Return exactly the lines below, starting with the one that has "using DERIV_chain2[OF has_real_derivative_std_normal_cdf]" and going on through the one that has "t = 2 / \<sigma>\<^sup>2 *".

___ Stored data

(* Let $f(x|\theta,\sigma,m)=\frac{2}{\sigma}\varphi\!\left(\frac{x-\theta}{\sigma}\right)\Phi\!\left(\frac{m(x-\theta)}{\sigma}\right)$ be the skew-normal density, regarded as a function of $(\theta,v,m)$ with $v=\sigma^2>0$. Then for all $x,\theta\in\mathbb{R}$, $v>0$, $m\in\mathbb{R}$: $$\frac{\partial^2 f}{\partial\theta^2}-2\frac{\partial f}{\partial v}+\frac{m^3+m}{v}\frac{\partial f}{\partial m}=0,\qquad 2m\frac{\partial f}{\partial m}+(m^2+1)\frac{\partial^2 f}{\partial m^2}+2vm\frac{\partial^2 f}{\partial v\,\partial m}=0.$$
   Context: $\varphi$ is the standard normal density and $\Phi$ the standard normal distribution function. *)

theory Defs
  imports "HOL-Probability.Probability"
begin

definition std_normal_cdf :: "real \<Rightarrow> real" where
  "std_normal_cdf x = (LBINT t:{..x}. std_normal_density t)"

definition skew_normal_density :: "real \<Rightarrow> real \<Rightarrow> real \<Rightarrow> real \<Rightarrow> real" where
  "skew_normal_density x \<theta> \<sigma> m =
     2 / \<sigma> * std_normal_density ((x - \<theta>) / \<sigma>) * std_normal_cdf (m * (x - \<theta>) / \<sigma>)"

definition skew_normal_v :: "real \<Rightarrow> real \<Rightarrow> real \<Rightarrow> real \<Rightarrow> real" where
  "skew_normal_v x \<theta> v m = skew_normal_density x \<theta> (sqrt v) m"

end

theory Submission
  imports Defs
begin

text \<open>With \<open>z = (x - \<theta>)/\<sigma>\<close>, every partial derivative of the skew-normal density is an
  explicit combination of \<open>\<phi>(z)\<Phi>(mz)\<close> and \<open>\<phi>(z)\<phi>(mz)\<close>; the derivatives in \<open>v = \<sigma>\<^sup>2\<close> are the
  \<open>\<sigma>\<close>-derivatives divided by \<open>2\<sigma>\<close>. Substituting these closed forms, the \<open>\<phi>(z)\<Phi>(mz)\<close> terms
  cancel between \<open>\<partial>\<^sup>2f/\<partial>\<theta>\<^sup>2\<close> and \<open>2 \<partial>f/\<partial>v\<close>, and what remains in both identities is a
  polynomial identity in \<open>m\<close> and \<open>z\<close>.\<close>

lemma interval_lebesgue_integrable_std_normal_density:
  "interval_lebesgue_integrable lborel a b std_normal_density"
  unfolding interval_lebesgue_integrable_def set_integrable_def
  by auto (subst mult.commute, rule integrable_real_mult_indicator, auto)+

lemma std_normal_cdf_eq_interval_integral:
  "std_normal_cdf y =
     (LBINT t=-\<infinity>..ereal 0. std_normal_density t) + (LBINT t=ereal 0..ereal y. std_normal_density t)"
  unfolding std_normal_cdf_def
  by (subst interval_integral_sum[OF interval_lebesgue_integrable_std_normal_density])
     (auto simp: interval_integral_Icc' atMost_def)

lemma has_real_derivative_std_normal_cdf:
  "(std_normal_cdf has_real_derivative std_normal_density y) (at y)"
proof -
  define a where "a = min 0 y - 1"
  define b where "b = max 0 y + 1"
  have cont: "continuous_on {a..b} std_normal_density"
    unfolding std_normal_density_def by (intro continuous_intros) auto
  have "((\<lambda>u. LBINT t=ereal 0..ereal u. std_normal_density t)
      has_vector_derivative std_normal_density y) (at y within {a..b})"
    by (rule interval_integral_FTC2[OF _ _ cont]) (auto simp: a_def b_def)
  then have "((\<lambda>u. LBINT t=ereal 0..ereal u. std_normal_density t)
      has_vector_derivative std_normal_density y) (at y within {a<..<b})"
    by (rule has_vector_derivative_within_subset) auto
  then have "((\<lambda>u. LBINT t=ereal 0..ereal u. std_normal_density t)
      has_vector_derivative std_normal_density y) (at y)"
    by (subst (asm) has_vector_derivative_within_open) (auto simp: a_def b_def)
  then have "((\<lambda>u. (LBINT t=-\<infinity>..ereal 0. std_normal_density t)
      + (LBINT t=ereal 0..ereal u. std_normal_density t)) has_real_derivative std_normal_density y) (at y)"
    by (auto intro!: derivative_eq_intros simp: has_real_derivative_iff_has_vector_derivative)
  then show ?thesis
    by (subst (asm) std_normal_cdf_eq_interval_integral[symmetric]) simp
qed

lemma has_real_derivative_std_normal_cdf_comp [derivative_intros]:
  "(f has_real_derivative f') (at x within S) \<Longrightarrow>
   ((\<lambda>x. std_normal_cdf (f x)) has_real_derivative std_normal_density (f x) * f') (at x within S)"
  using DERIV_chain2[OF has_real_derivative_std_normal_cdf] by blast

lemma has_real_derivative_std_normal_density:
  "(std_normal_density has_real_derivative - y * std_normal_density y) (at y)"
  unfolding std_normal_density_def
  by (auto intro!: derivative_eq_intros simp: field_simps power2_eq_square)

lemma has_real_derivative_std_normal_density_comp [derivative_intros]:
  "(f has_real_derivative f') (at x within S) \<Longrightarrow>
   ((\<lambda>x. std_normal_density (f x)) has_real_derivative - f x * std_normal_density (f x) * f')
     (at x within S)"
  using DERIV_chain2[OF has_real_derivative_std_normal_density] by blast

lemma deriv_comp_sqrt:
  assumes "(g has_real_derivative D) (at (sqrt v))" and "v > 0"
  shows "deriv (\<lambda>w. g (sqrt w)) v = D / (2 * sqrt v)"
proof (rule DERIV_imp_deriv)
  show "((\<lambda>w. g (sqrt w)) has_real_derivative D / (2 * sqrt v)) (at v)"
    using DERIV_chain2[OF assms(1) DERIV_real_sqrt[OF assms(2)]] by (simp add: field_simps)
qed

lemma deriv_skew_normal_density_theta:
  assumes "\<sigma> \<noteq> 0"
  shows "deriv (\<lambda>t. skew_normal_density x t \<sigma> m) = (\<lambda>t. 2 / \<sigma>\<^sup>2 *
    ((x - t) / \<sigma> * std_normal_density ((x - t) / \<sigma>) * std_normal_cdf (m * (x - t) / \<sigma>)
     - m * std_normal_density ((x - t) / \<sigma>) * std_normal_density (m * (x - t) / \<sigma>)))"
proof
  fix t
  show "deriv (\<lambda>t. skew_normal_density x t \<sigma> m) t = 2 / \<sigma>\<^sup>2 *
    ((x - t) / \<sigma> * std_normal_density ((x - t) / \<sigma>) * std_normal_cdf (m * (x - t) / \<sigma>)
     - m * std_normal_density ((x - t) / \<sigma>) * std_normal_density (m * (x - t) / \<sigma>))"
    unfolding skew_normal_density_def using assms
    by (intro DERIV_imp_deriv)
       (auto intro!: derivative_eq_intros simp: field_simps power2_eq_square)
qed

lemma has_real_derivative_skew_normal_density_sigma:
  fixes x \<theta> \<sigma> m :: real
  assumes "\<sigma> \<noteq> 0"
  defines "z \<equiv> (x - \<theta>) / \<sigma>"
  shows "((\<lambda>s. skew_normal_density x \<theta> s m) has_real_derivative 2 / \<sigma>\<^sup>2 *
    ((z\<^sup>2 - 1) * std_normal_density z * std_normal_cdf (m * z)
     - m * z * std_normal_density z * std_normal_density (m * z))) (at \<sigma>)"
  unfolding skew_normal_density_def z_def using assms(1)
  by (auto intro!: derivative_eq_intros simp: field_simps power2_eq_square power3_eq_cube)

lemma deriv_skew_normal_density_m:
  "deriv (\<lambda>n. skew_normal_density x \<theta> \<sigma> n) = (\<lambda>n.
    2 * (x - \<theta>) / \<sigma>\<^sup>2 * std_normal_density ((x - \<theta>) / \<sigma>) * std_normal_density (n * (x - \<theta>) / \<sigma>))"
proof (cases "\<sigma> = 0")
  case True
  then show ?thesis
    by (simp add: skew_normal_density_def)
next
  case False
  show ?thesis
  proof
    fix n
    show "deriv (\<lambda>n. skew_normal_density x \<theta> \<sigma> n) n = 2 * (x - \<theta>) / \<sigma>\<^sup>2 *
      std_normal_density ((x - \<theta>) / \<sigma>) * std_normal_density (n * (x - \<theta>) / \<sigma>)"
      unfolding skew_normal_density_def using False
      by (intro DERIV_imp_deriv)
         (auto intro!: derivative_eq_intros simp: field_simps power2_eq_square)
  qed
qed

lemma has_real_derivative_deriv_skew_normal_density_m_sigma:
  fixes x \<theta> \<sigma> m :: real
  assumes "\<sigma> \<noteq> 0"
  defines "z \<equiv> (x - \<theta>) / \<sigma>"
  shows "((\<lambda>s. deriv (\<lambda>n. skew_normal_density x \<theta> s n) m) has_real_derivative 2 / \<sigma>\<^sup>2 *
    z * ((m\<^sup>2 + 1) * z\<^sup>2 - 2) * std_normal_density z * std_normal_density (m * z)) (at \<sigma>)"
  unfolding deriv_skew_normal_density_m z_def using assms(1)
  by (auto intro!: derivative_eq_intros simp: field_simps power2_eq_square power3_eq_cube)

lemma deriv2_skew_normal_v_theta:
  fixes x \<theta> v m :: real
  assumes "v > 0"
  defines "z \<equiv> (x - \<theta>) / sqrt v"
  shows "deriv (\<lambda>t. deriv (\<lambda>s. skew_normal_v x s v m) t) \<theta> = 2 / sqrt v ^ 3 *
    ((z\<^sup>2 - 1) * std_normal_density z * std_normal_cdf (m * z)
     - (m\<^sup>2 + 2) * m * z * std_normal_density z * std_normal_density (m * z))"
proof -
  define \<sigma> where "\<sigma> = sqrt v"
  have "\<sigma> \<noteq> 0"
    using assms(1) by (simp add: \<sigma>_def)
  then show ?thesis
    unfolding skew_normal_v_def z_def \<sigma>_def[symmetric] deriv_skew_normal_density_theta[OF \<open>\<sigma> \<noteq> 0\<close>]
    by (intro DERIV_imp_deriv)
       (auto intro!: derivative_eq_intros simp: field_simps power2_eq_square power3_eq_cube)
qed

lemma deriv_skew_normal_v_variance:
  fixes x \<theta> v m :: real
  assumes "v > 0"
  defines "z \<equiv> (x - \<theta>) / sqrt v"
  shows "deriv (\<lambda>w. skew_normal_v x \<theta> w m) v = 1 / sqrt v ^ 3 *
    ((z\<^sup>2 - 1) * std_normal_density z * std_normal_cdf (m * z)
     - m * z * std_normal_density z * std_normal_density (m * z))"
proof -
  define \<sigma> where "\<sigma> = sqrt v"
  have "\<sigma> > 0"
    using assms(1) by (simp add: \<sigma>_def)
  then show ?thesis
    unfolding skew_normal_v_def
    by (subst deriv_comp_sqrt[OF has_real_derivative_skew_normal_density_sigma assms(1)])
       (auto simp: z_def \<sigma>_def[symmetric] field_simps power3_eq_cube power2_eq_square)
qed

lemma deriv_skew_normal_v_m:
  fixes x \<theta> v m :: real
  defines "z \<equiv> (x - \<theta>) / sqrt v"
  shows "deriv (\<lambda>n. skew_normal_v x \<theta> v n) m =
    2 / sqrt v * z * std_normal_density z * std_normal_density (m * z)"
  unfolding skew_normal_v_def deriv_skew_normal_density_m z_def
  by (simp add: field_simps power2_eq_square)

lemma deriv2_skew_normal_v_m:
  fixes x \<theta> v m :: real
  assumes "v > 0"
  defines "z \<equiv> (x - \<theta>) / sqrt v"
  shows "deriv (\<lambda>k. deriv (\<lambda>n. skew_normal_v x \<theta> v n) k) m =
    - 2 / sqrt v * m * z ^ 3 * std_normal_density z * std_normal_density (m * z)"
proof -
  define \<sigma> where "\<sigma> = sqrt v"
  have "\<sigma> \<noteq> 0"
    using assms(1) by (simp add: \<sigma>_def)
  then show ?thesis
    unfolding skew_normal_v_def z_def \<sigma>_def[symmetric] deriv_skew_normal_density_m
    by (intro DERIV_imp_deriv)
       (auto intro!: derivative_eq_intros simp: field_simps power2_eq_square power3_eq_cube)
qed

lemma deriv2_skew_normal_v_variance_m:
  fixes x \<theta> v m :: real
  assumes "v > 0"
  defines "z \<equiv> (x - \<theta>) / sqrt v"
  shows "deriv (\<lambda>w. deriv (\<lambda>n. skew_normal_v x \<theta> w n) m) v = 1 / sqrt v ^ 3 *
    z * ((m\<^sup>2 + 1) * z\<^sup>2 - 2) * std_normal_density z * std_normal_density (m * z)"
proof -
  define \<sigma> where "\<sigma> = sqrt v"
  have "\<sigma> > 0"
    using assms(1) by (simp add: \<sigma>_def)
  then show ?thesis
    unfolding skew_normal_v_def
    by (subst deriv_comp_sqrt[OF has_real_derivative_deriv_skew_normal_density_m_sigma assms(1)])
       (auto simp: z_def \<sigma>_def[symmetric] field_simps power3_eq_cube power2_eq_square)
qed

theorem lemmaF2:
  fixes x \<theta> v m :: real
  assumes "v > 0"
  shows "(deriv (\<lambda>t. deriv (\<lambda>s. skew_normal_v x s v m) t) \<theta>
           - 2 * deriv (\<lambda>w. skew_normal_v x \<theta> w m) v
           + (m ^ 3 + m) / v * deriv (\<lambda>n. skew_normal_v x \<theta> v n) m = 0)
         \<and> (2 * m * deriv (\<lambda>n. skew_normal_v x \<theta> v n) m
           + (m\<^sup>2 + 1) * deriv (\<lambda>k. deriv (\<lambda>n. skew_normal_v x \<theta> v n) k) m
           + 2 * v * m * deriv (\<lambda>w. deriv (\<lambda>n. skew_normal_v x \<theta> w n) m) v = 0)"
proof -
  define \<sigma> where "\<sigma> = sqrt v"
  define z where "z = (x - \<theta>) / \<sigma>"
  have "\<sigma> > 0" and v: "v = \<sigma>\<^sup>2"
    using assms by (auto simp: \<sigma>_def)
  show ?thesis
    \<comment> \<open>second derivatives first: the rule for the first \<open>m\<close>-derivative would
      otherwise rewrite their inner derivative\<close>
    unfolding deriv2_skew_normal_v_theta[OF assms] deriv2_skew_normal_v_m[OF assms]
      deriv2_skew_normal_v_variance_m[OF assms]
    unfolding deriv_skew_normal_v_variance[OF assms] deriv_skew_normal_v_m
    unfolding \<sigma>_def[symmetric] z_def[symmetric] v
    using \<open>\<sigma> > 0\<close> by (simp add: field_simps power2_eq_square power3_eq_cube)
qed

end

______

◆ Response to this exercise:
  using DERIV_chain2[OF has_real_derivative_std_normal_cdf] by blast

lemma has_real_derivative_std_normal_density:
  "(std_normal_density has_real_derivative - y * std_normal_density y) (at y)"
  unfolding std_normal_density_def
  by (auto intro!: derivative_eq_intros simp: field_simps power2_eq_square)

lemma has_real_derivative_std_normal_density_comp [derivative_intros]:
  "(f has_real_derivative f') (at x within S) \<Longrightarrow>
   ((\<lambda>x. std_normal_density (f x)) has_real_derivative - f x * std_normal_density (f x) * f')
     (at x within S)"
  using DERIV_chain2[OF has_real_derivative_std_normal_density] by blast

lemma deriv_comp_sqrt:
  assumes "(g has_real_derivative D) (at (sqrt v))" and "v > 0"
  shows "deriv (\<lambda>w. g (sqrt w)) v = D / (2 * sqrt v)"
proof (rule DERIV_imp_deriv)
  show "((\<lambda>w. g (sqrt w)) has_real_derivative D / (2 * sqrt v)) (at v)"
    using DERIV_chain2[OF assms(1) DERIV_real_sqrt[OF assms(2)]] by (simp add: field_simps)
qed

lemma deriv_skew_normal_density_theta:
  assumes "\<sigma> \<noteq> 0"
  shows "deriv (\<lambda>t. skew_normal_density x t \<sigma> m) = (\<lambda>t. 2 / \<sigma>\<^sup>2 *
    ((x - t) / \<sigma> * std_normal_density ((x - t) / \<sigma>) * std_normal_cdf (m * (x - t) / \<sigma>)
     - m * std_normal_density ((x - t) / \<sigma>) * std_normal_density (m * (x - t) / \<sigma>)))"
proof
  fix t
  show "deriv (\<lambda>t. skew_normal_density x t \<sigma> m) t = 2 / \<sigma>\<^sup>2 *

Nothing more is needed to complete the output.